MapReduce

Inter Process Communication

The goal of IPC is to communicate between different processes. Common ways to do IPC include:

Pipes
Sockets
Shared Memory

Pipes

Takes in a stream of bytes from an input file descriptor
Spits out the data through an output file descriptor

Pipes in the shell

> ls -1 | cut -d'.' -f1 | sort | uniq | tee dirents

Pipes in code

int pipe(int pipefd[2]);

pipe() takes a single argument - an array of size 2.
It sets pipefd[0] to the reading end fd.
It sets pipefd[1] to the writing end fd.

Pipe capacity

How much data can a pipe hold?

Pipes' capacity depends on system configuration, but usually it ranges from 4 KiB to 128 KiB.

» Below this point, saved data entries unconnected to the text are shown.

lemma finite_dirac_odd_to_even:
  assumes "finite_dirac D" and "gam x = hscale (-1) x"
  shows "ciR (D x) = mzero \<and> cjR (D x) = mzero \<and> cji (D x) = mzero"
proof -
  have "D (gam x) = hscale (-1) (D x)"
    using assms unfolding finite_dirac_def is_linear_op_def by metis
  moreover have "hadd (D (gam x)) (gam (D x)) = hzero"
    using assms unfolding finite_dirac_def by metis
  ultimately show ?thesis
    by (simp add: hilb_eq_hzero_iff madd_neg_self_eq_mzero_iff)
qed

text \<open>For P = rep (1,0) and Q = J rep (0,1) J, the block of [[D,P],Q] from a summand on which
  P, Q act as p, q into one on which they act as p', q' is (p - p') (q - q') times the
  corresponding block of D.\<close>

lemma finite_dirac_first_order_blocks:
  fixes D :: "('i::finite,'j::finite) hilb \<Rightarrow> ('i,'j) hilb"
  assumes "finite_dirac D"
  shows "cji (D (in_ij m)) = mzero" "cij (D (in_ji p)) = mzero"
    and "cjR (D (in_iL n)) = mzero" "cjL (D (in_iR n)) = mzero"
    and "ciR (D (in_jL k)) = mzero" "ciL (D (in_jR k)) = mzero"
proof -
  define P :: "('i,'j) hilb \<Rightarrow> ('i,'j) hilb" where "P = rep (mid, mzero)"
  define Q :: "('i,'j) hilb \<Rightarrow> ('i,'j) hilb" where "Q = (\<lambda>y. Jop (rep (mzero, mid) (Jop y)))"
  have "comm (comm D P) Q x = hzero" for x
    using assms unfolding finite_dirac_def P_def Q_def by blast
  then have first_order:
    "hsub (hsub (D (P (Q x))) (P (D (Q x)))) (Q (hsub (D (P x)) (P (D x)))) = hzero" for x
    by (simp only: comm_def)
  have [simp]: "D hzero = hzero"
    using assms by (rule finite_dirac_hzero)
  show "cji (D (in_ij m)) = mzero" "cij (D (in_ji p)) = mzero"
    "cjR (D (in_iL n)) = mzero" "cjL (D (in_iR n)) = mzero"
    "ciR (D (in_jL k)) = mzero" "ciL (D (in_jR k)) = mzero"
    using arg_cong[OF first_order[of "in_ij m"], of cji] arg_cong[OF first_order[of "in_ji p"], of cij]
      arg_cong[OF first_order[of "in_iL n"], of cjR] arg_cong[OF first_order[of "in_iR n"], of cjL]
      arg_cong[OF first_order[of "in_jL k"], of ciR] arg_cong[OF first_order[of "in_jR k"], of ciL]
    by (simp_all add: P_def Q_def)
qed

Check /proc/sys/fs/pipe-max-size!

Reading from a pipe

Returns 0 if all writing ends are closed.
Blocks if pipe is empty and active writing ends exist.
Unblocks when data is written so pipe becomes nonempty.

Writing to a pipe

Generates a SIGPIPE if all reading ends are closed.
Blocks if pipe is full and active reading ends exist.
Unblocks when data is read so pipe becomes nonfull.

Note: SIGPIPE kills your program by default. Catch or ignore it to see write() returning -1 and setting errno to EPIPE.

pipe() vs pipe2()

pipe2() has an additional argument (flags).

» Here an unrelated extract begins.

(* Let $k\ge1$, $j\ge0$, $n=k+j$ and $N\in\mathcal{OC}_{k,j}$. Then $$\sum_{\{e',e''\}\subseteq \mathrm{ToT}(N),\ e'\neq e''}A_C(N(e',e''))=(2n^2+n-2)A_C(N)-(2n-1),$$ where the sum ranges over unordered pairs of distinct edges of $\mathrm{ToT}(N)$.
   Context: A (planted, binary) phylogenetic network on a taxon set $X$ with $|X|=n$ is a finite acyclic directed graph with: - a unique root $\rho$ of indegree 0 and outdegree 1; - exactly $n$ nodes of indegree 1 and outdegree 0 (leaves), labeled bijectively by $X$; - every other node is either a tree node (indegree 1, outdegree 2) or a reticulation node (indegree 2, outdegree 1). An edge $(p,q)$ is a tree edge if $q$ is a tree node or a leaf. A network is simplex if the child of every reticulation node is a leaf. A node $u$ is an ancestor of a node $v\neq u$ if some directed path from $\rho$ to $v$ passes through $u$. The ancestor number $\alpha_N(v)$ is the number of ancestors of $v$. The top tree component $C(N)$ of a simplex network $N$ is the set of tree nodes and leaves not descending from any reticulation node. Define $A_C(N)=\sum_{v\in C(N)}\alpha_N(v)$. $\mathrm{ToT}(N)$ is the set of tree edges $(u,v)$ of $N$ with $u$ not a reticulation node, i.e. the tree edges of the top tree component. For $k\ge1$, $j\ge0$, $\mathcal{OC}_{k,j}$ is the set of simplex networks on taxa $\{1,\dots,k+j\}$ with exactly $j$ reticulation nodes, whose children are the leaves $k+1,\dots,k+j$. For $N\in\mathcal{OC}_{k,j}$ and distinct $e'=(u,v)$, $e''=(s,t)$ in $\mathrm{ToT}(N)$, the network $N(e',e'')$ is obtained from $N$ as follows: - subdivide $e'$ into $(u,p),(p,v)$ and $e''$ into $(s,q),(q,t)$, with new nodes $p,q$; - add a new reticulation node $r$ with edges $(p,r),(q,r)$; - add a new leaf labeled $n+1$ with edge $(r,n+1)$. *)

theory Defs
  imports Main
begin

O_CLOEXEC closes both pipe fds on a successful exec.

Mapreduce

What is MapReduce?

A programming model: Map, then Reduce
Originally developed at Google to process large datasets with distributed systems
Map: transform raw data into processed data
Reduce: aggregate processed data into statistics
The 341 MapReduce is vastly oversimplified

MapReduce Example

MapReduce

Parallelism

Mapping is parallelizable: The mapper function is independent per input element
Assign different chunks across mappers
Reducing is parallelizable: The reducer function is associative - reduce(A[1...n]) = reduce(reduce(A[1...n/2]) + reduce(A[n/2...n]))
Run multiple reducers together, then reduce the output from reducers

Lab Assignment

Implement the MapReduce orchestrator:

Split up the inputs
Send them off to mappers
Agglomerate the mapped outputs into a final result via a reducer

No need to implement mappers or reducers yourself, and a splitter tool is already provided.

Implementation

./mapreduce <input_file> <output_file> <mapper_executable> <reducer_executable> <mapper_count>.

Split the input file into <mapper_count> chunks using the given splitter tool.
Start a mapper process for each chunk, and pipe the output of each mapper process into the input of the singular reducer process.
Pipe the output of the reducer process to the output file.